Python's sets are also heterogeneous and constant-time; the special syntax {1, 2, 3} is equivalent to Haskell's Data.Set.fromList [1, 2, 3].

Methods and Protocols

Every Python object has a selection of methods, which can be called by external code to do stuff. If you've ever used a pseudo-OO language like C++ or Java, you've used methods before. Some methods are exposed directly via Python/C; others must be queried as attributes from an object.

When separate types have similar methods, those methods are usually standardized into a protocol. Python protocols are like Haskell typeclasses, except not type checked; any value with the appropriate methods is said to implement a protocol. For example, tuple, list, and bytes values all implement the sequence protocol.

Importing modules

There's only so much you can do with the built-in types; sooner or later, you'll want to use one of Python's rich selection of libraries. That's why you're reading this, right?

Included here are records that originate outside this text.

lemma sqrt_log_staircase_measurable [measurable]: "sqrt_log_staircase \<in> borel_measurable lebesgue"
  unfolding sqrt_log_staircase_def by measurable

lemma sqrt_log_staircase_nonneg: "0 \<le> sqrt_log_staircase x"
  by (cases x rule: sqrt_log_staircase_cases) auto

lemma nn_integral_function_of_staircase:
  assumes "f 0 = 0"
  shows "(\<integral>\<^sup>+x. ennreal (f (sqrt_log_staircase x)) \<partial>(lebesgue :: 'a::euclidean_space measure))
           = (\<Sum>k. ennreal (f (sqrt (real k))) * ennreal (shell_volume k))"
proof -
  have "ennreal (f (sqrt_log_staircase x))
          = (\<Sum>k. ennreal (f (sqrt (real k))) * indicator (exp_shell k) x)" for x :: 'a
    by (cases x rule: sqrt_log_staircase_cases) (auto simp: suminf_indicator_exp_shell assms)
  then show ?thesis
    by (simp add: nn_integral_exp_shell_step)
qed

lemma integrable_sqrt_log_staircase: "integrable lebesgue (sqrt_log_staircase :: 'a::euclidean_space \<Rightarrow> real)"
proof -
  have "(\<integral>\<^sup>+x. ennreal \<bar>sqrt_log_staircase x\<bar> \<partial>(lebesgue :: 'a measure))
      = (\<Sum>k. ennreal (sqrt (real k)) * ennreal (shell_volume k))"
    using nn_integral_function_of_staircase[of abs, where 'a='a] by simp
  also have "\<dots> < \<infinity>"
    by (rule suminf_shell_volume_weighted_finite) (unfold shell_volume_def, real_asymp, simp)
  finally show ?thesis
    by (simp add: integrable_iff_bounded)
qed

lemma sqrt_log_staircase_in_expL2:
  "(\<lambda>x. complex_of_real (sqrt_log_staircase x)) \<in> (expL2 :: ('a::euclidean_space \<Rightarrow> complex) set)"
  unfolding expL2_def L1_loc_def
proof (intro CollectI conjI allI impI exI)
  show "(\<lambda>x. complex_of_real (sqrt_log_staircase x)) \<in> borel_measurable lebesgue"
    by measurable
  fix K :: "'a set" assume "compact K"
  then show "set_integrable lebesgue K (\<lambda>x. complex_of_real (sqrt_log_staircase x))"
    unfolding set_integrable_def
    by (intro integrable_mult_indicator integrable_of_real integrable_sqrt_log_staircase)
       (simp add: fmeasurableD lmeasurable_compact)
next
  have "orlicz_exp2_modular (\<lambda>x::'a. complex_of_real (sqrt_log_staircase x)) 2
      = (\<integral>\<^sup>+x. ennreal ((\<lambda>s. exp (s\<^sup>2 / 4) - 1) (sqrt_log_staircase x)) \<partial>(lebesgue :: 'a measure))"
    by (simp add: orlicz_exp2_modular_def)
  also have "\<dots> = (\<Sum>k. ennreal (exp (real k / 4) - 1) * ennreal (shell_volume k))"
    by (subst nn_integral_function_of_staircase) simp_all
  also have "\<dots> < \<infinity>"
    by (rule suminf_shell_volume_weighted_finite) (unfold shell_volume_def, real_asymp, simp)
  finally show "orlicz_exp2_modular (\<lambda>x::'a. complex_of_real (sqrt_log_staircase x)) 2 < \<infinity>" .
qed simp
lemma continuous_map_coboundary1:
  assumes ij: "i \<in> I" "j \<in> I"
  shows "continuous_map (subtopology X (U i \<inter> U j)) (subtopology (T1 \<Gamma>) E) (coboundary1 i j)"
proof (rule continuous_map_into_subtopology)
  show "coboundary1 i j \<in> topspace (subtopology X (U i \<inter> U j)) \<rightarrow> E"
    using ij by (auto intro: coboundary1_kerE)
  show "continuous_map (subtopology X (U i \<inter> U j)) (T1 \<Gamma>) (coboundary1 i j)"
  proof (rule continuous_map_chartwise[OF ij])
    fix k l assume kl: "k \<in> I" "l \<in> I"
    let ?S = "U i \<inter> U j \<inter> U k \<inter> U l"
    show "continuous_map (subtopology X ?S) (T1 \<Gamma>) (\<lambda>w.
        inv1 (\<iota> (fst c' i k w \<cdot> offset0 i w)) \<diamondop> (inv1 (snd c' i j l w) \<diamondop> snd c' i k l w
        \<diamondop> \<iota> (fst c' i k w) \<diamondop> (offset1 i j w \<diamondop> \<iota> (fst c i j w) \<diamondop> inv1 (\<iota> (offset0 j w)))
        \<diamondop> inv1 (\<iota> (fst c' j l w))) \<diamondop> \<iota> (fst c' j l w \<cdot> offset0 j w) \<diamondop> inv1 (\<iota> (fst c i j w)))"
      using ij kl
      by (intro continuous_intros continuous_map_cocycle_fst[OF cocycle'] continuous_map_cocycle_fst[OF cocycle]
          continuous_map_cocycle_snd[OF cocycle'] continuous_map_offset0 continuous_map_offset1) auto
  qed (auto simp: coboundary1_def reindexed_transition_cell_def coboundary0_def transition_cell_def
      pointwise_cocycle.reindex_cell_def[OF c'_at_point])
qed

lemma cohomologous: "cohomologous \<Gamma> X I U c c'"
  unfolding cohomologous_def
  by (intro exI[of _ coboundary0] exI[of _ coboundary1] conjI ballI)
    (auto simp: continuous_map_coboundary0 continuous_map_coboundary1 cohomologous_transition
      cohomologous_cell)

end

context cover_2group
begin

lemma cohomologous_if_bundle_morphism:
  assumes "cech_cocycle \<Gamma> X I U c" "cech_cocycle \<Gamma> X I U c'" "bundle_morphism \<Gamma> X I U c c' f0 f1"
  shows "cohomologous \<Gamma> X I U c c'"
proof -
  interpret cech_bundle_morphism \<Gamma> X I U c c' f0 f1
    by (intro cech_bundle_morphism.intro cech_bundle_morphism_axioms.intro cover_2group_axioms assms)
  show ?thesis
    by (rule cohomologous)
qed

end

theorem lemma6:
  fixes \<Gamma> :: "('a, 'b) two_group" and X :: "'x topology" and I :: "'i set"
    and U :: "'i \<Rightarrow> 'x set"
    and c c' :: "('i \<Rightarrow> 'i \<Rightarrow> 'x \<Rightarrow> 'a) \<times> ('i \<Rightarrow> 'i \<Rightarrow> 'i \<Rightarrow> 'x \<Rightarrow> 'b)"
  assumes "topological_2group \<Gamma>"
    and "open_cover X I U"
    and "cech_cocycle \<Gamma> X I U c"
    and "cech_cocycle \<Gamma> X I U c'"
  shows "cohomologous \<Gamma> X I U c c' \<longleftrightarrow> (\<exists>f0 f1. bundle_morphism \<Gamma> X I U c c' f0 f1)"
proof -
  interpret cover_2group \<Gamma> X I U
    by (intro cover_2group.intro top_2group.intro cover_2group_axioms.intro assms(1,2))
  show ?thesis
    using assms(3,4) bundle_morphism_if_cohomologous cohomologous_if_bundle_morphism by blast
qed

end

Modules are exposed to the runtime as standard Python objects, and their contents (variables, procedures, class definitions) can be queried like any other object attribute. Lets look at an example of calling os.uname():

{-# LANGUAGE OverloadedStrings #-}
module Main where

import qualified Data.Text as T
import System.IO (stdout)

import qualified CPython as Py
import qualified CPython.Protocols.Object as Py
import qualified CPython.Types as Py
import qualified CPython.Types.Module as Py

main :: IO ()
main = do
	Py.initialize
	
	os <- Py.importModule "os"
	uname <- Py.getAttribute os =<< Py.toUnicode "uname"
	res <- Py.callArgs uname []
	Py.print res stdout

$ runhaskell import.hs
('Linux', 'desktop', '2.6.35-22-generic', '#35-Ubuntu SMP Sat Oct 16 20:45:36 UTC 2010', 'x86_64')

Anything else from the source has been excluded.